I immediately set out to track down and reread the book, finally ordering a copy off eBay. Sadly, my copy didn’t arrive on my doorstep until a month after I ordered it. However, my bellyaching is best reserved for eBay’s feedback section.

Can Jane Eyre Be Happy? is the second in a series of three books by John Sutherland, an English professor and literary critic (the other two books are Is Heathcliff a Murderer? and Who Betrays Elizabeth Bennett?). These books answer dozens of literary questions: “Who is Tom Jones’s Father?” “How Vulgar is Mrs. Elton?” “Is Daniel Deronda Circumcised?”

Sutherland uses the texts and literary criticism to answer his queries. Although I don’t always agree with his conclusions, Sutherland clearly and convincingly details how he develops his answers.

For example, in an essay speculating on whether or not Angel eventually marries Liza-Lu Derbyfield in Thomas Hardy’s Tess of the D’Urbervilles, Sutherland refers to the text but also British marriage laws. Could Angel marry Liza-Lu? Not legally.

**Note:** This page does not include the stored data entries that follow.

(* Let $a,b$ be positive integers with $\gcd(a,b)=1$ such that $H_1=\langle a,b\rangle$ is minimally generated by two elements. Let $c\in H_1$ with $c>0$, $c\notin\{a,b\}$, and let $d\in\mathbb{N}$ with $d>1$ and $\gcd(c,d)=1$. Let $H=\langle da,db,c\rangle$ (the gluing of $H_1$ and $\mathbb{N}$ with respect to $d$ and $c$), $k$ a field, and $R=k[H]$. Then $R$ is Gorenstein and $$\#\mathcal{X}_{R}=d(ab-a-b)+(d-1)c+1,$$ where $\mathcal{X}_R$ is the set of graded ideals $I$ of $R$ with $R/I$ Gorenstein and $\mu_R(I)\ge 2$.
   Context: $R=k[H]=k[t^h\mid h\in H]\subseteq k[t]$ graded by $\deg t=1$; graded ideals are homogeneous ideals for this grading; $\mu_R(I)$ is the minimal number of generators. *)

theory Defs
  imports "HOL-Computational_Algebra.Polynomial"
begin

definition sg2 :: "nat \<Rightarrow> nat \<Rightarrow> nat set" where
  "sg2 a b = {i * a + j * b | i j. True}"

definition sg3 :: "nat \<Rightarrow> nat \<Rightarrow> nat \<Rightarrow> nat set" where
  "sg3 a b c = {i * a + j * b + l * c | i j l. True}"

definition min_gens :: "nat set \<Rightarrow> nat set" where
  "min_gens S = {s \<in> S. s \<noteq> 0 \<and> \<not> (\<exists>x y. x \<in> S \<and> y \<in> S \<and> x \<noteq> 0 \<and> y \<noteq> 0 \<and> s = x + y)}"

definition sgring :: "nat set \<Rightarrow> 'k::field poly set" where
  "sgring H = {p. \<forall>n. coeff p n \<noteq> 0 \<longrightarrow> n \<in> H}"

definition max_ideal :: "nat set \<Rightarrow> 'k::field poly set" where
  "max_ideal H = {p \<in> sgring H. coeff p 0 = 0}"

text \<open>Graded (homogeneous, deg t = 1) ideals of R.\<close>
definition graded_ideal :: "nat set \<Rightarrow> 'k::field poly set \<Rightarrow> bool" where
  "graded_ideal H I \<longleftrightarrow> I \<subseteq> sgring H \<and> 0 \<in> I
     \<and> (\<forall>p\<in>I. \<forall>q\<in>I. p + q \<in> I)
     \<and> (\<forall>r\<in>sgring H. \<forall>p\<in>I. r * p \<in> I)
     \<and> (\<forall>p\<in>I. \<forall>n. monom (coeff p n) n \<in> I)"

definition ideal_span :: "nat set \<Rightarrow> 'k::field poly set \<Rightarrow> 'k poly set" where
  "ideal_span H G = {(\<Sum>g\<in>G. r g * g) | r. \<forall>g\<in>G. r g \<in> sgring H}"

definition mu :: "nat set \<Rightarrow> 'k::field poly set \<Rightarrow> nat" where
  "mu H I = (LEAST n. \<exists>G. finite G \<and> card G = n \<and> G \<subseteq> I \<and> ideal_span H G = I)"

text \<open>Socle of R/I (preimage in R): elements annihilated by the maximal ideal modulo I.\<close>
definition socle_elem :: "nat set \<Rightarrow> 'k::field poly set \<Rightarrow> 'k poly \<Rightarrow> bool" where
  "socle_elem H I s \<longleftrightarrow> s \<in> sgring H \<and> (\<forall>q\<in>max_ideal H. s * q \<in> I)"

text \<open>Artinian graded local ring R/I is Gorenstein iff its socle is a one-dimensional
  k-vector space.\<close>
definition artinian_gorenstein :: "nat set \<Rightarrow> 'k::field poly set \<Rightarrow> bool" where
  "artinian_gorenstein H I \<longleftrightarrow>
     (\<exists>s. socle_elem H I s \<and> s \<notin> I \<and>
        (\<forall>q. socle_elem H I q \<longrightarrow> (\<exists>c. q - smult c s \<in> I)))"

text \<open>For I \<noteq> 0, R/I is Artinian graded local. For I = 0 (R itself, a one-dimensional
  Cohen-Macaulay graded domain) Gorenstein means: type 1, i.e. R/xR is Artinian
  Gorenstein for a nonzero homogeneous x in the maximal ideal.\<close>
definition gorenstein_quot :: "nat set \<Rightarrow> 'k::field poly set \<Rightarrow> bool" where
  "gorenstein_quot H I \<longleftrightarrow>
     (if I = {0}
      then (\<exists>c n. c \<noteq> 0 \<and> n \<in> H \<and> n > 0 \<and>
              artinian_gorenstein H {monom (c::'k) n * r | r. r \<in> sgring H})
      else artinian_gorenstein H I)"

definition gor_ideals :: "nat set \<Rightarrow> 'k::field poly set set" where
  "gor_ideals H = {I. graded_ideal H I \<and> gorenstein_quot H I \<and> mu H I \<ge> 2}"

end

theory Submission
  imports Defs
begin

text \<open>Graded ideals of \<open>R = k[H]\<close> are monomial ideals, spanned by \<open>t\<^sup>e\<close> for \<open>e\<close> in a monoid ideal \<open>E\<close>
  of \<open>H\<close>, and \<open>R/I\<close> is Gorenstein exactly when the socle of \<open>E\<close> (the \<open>s \<notin> E\<close> with \<open>s + m \<in> E\<close> for all
  nonzero \<open>m \<in> H\<close>) is a single point \<open>s\<close>. If \<open>H\<close> is symmetric with Frobenius number \<open>F\<close>, this forces \<open>E\<close>
  to be the set of elements of \<open>H\<close> not dividing \<open>s\<close>, which is principal iff \<open>s - F \<in> H\<close>. Hence the
  Gorenstein ideals with at least two generators correspond to the \<open>s \<in> H\<close> with \<open>s - F \<notin> H\<close>; these are
  the \<open>x \<in> H\<close> and the \<open>x + F\<close> with \<open>x \<notin> H\<close>, for \<open>x \<in> {0..F}\<close>, so there are \<open>F + 1\<close> of them. Finally,
  \<open>\<langle>a, b\<rangle>\<close> is symmetric with \<open>F = ab - a - b\<close>, and gluing with \<open>\<nat>\<close> preserves symmetry, giving
  \<open>F = d(ab - a - b) + (d - 1)c\<close> for \<open>\<langle>da, db, c\<rangle>\<close>.\<close>

section \<open>Monomial ideals of \<open>k[H]\<close>\<close>

text \<open>\<open>sgring E\<close> makes sense for any \<open>E \<subseteq> \<nat>\<close>: it is the \<open>k\<close>-span of the monomials \<open>t\<^sup>e\<close>, \<open>e \<in> E\<close>.
  For a monoid ideal \<open>E\<close> of \<open>H\<close> it is the monomial ideal of \<open>k[H]\<close> with exponent set \<open>E\<close>.\<close>

definition monoid_ideal :: "nat set \<Rightarrow> nat set \<Rightarrow> bool" where
  "monoid_ideal H E \<longleftrightarrow> E \<subseteq> H \<and> (\<forall>e\<in>E. \<forall>h\<in>H. e + h \<in> E)"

So, is Jane happy? I won’t divulge Sutherland’s complete answer, but I will tell you he hypothesizes that Jane is Rochester’s “faute de mieux” (for lack of something better). My romantic-potentially-biased answer? Jane Eyre Rochester lives in absolute and perfect bliss.

1 comment:

The Aspirant said...

Please save your copy so I can read it later. Thank you very much.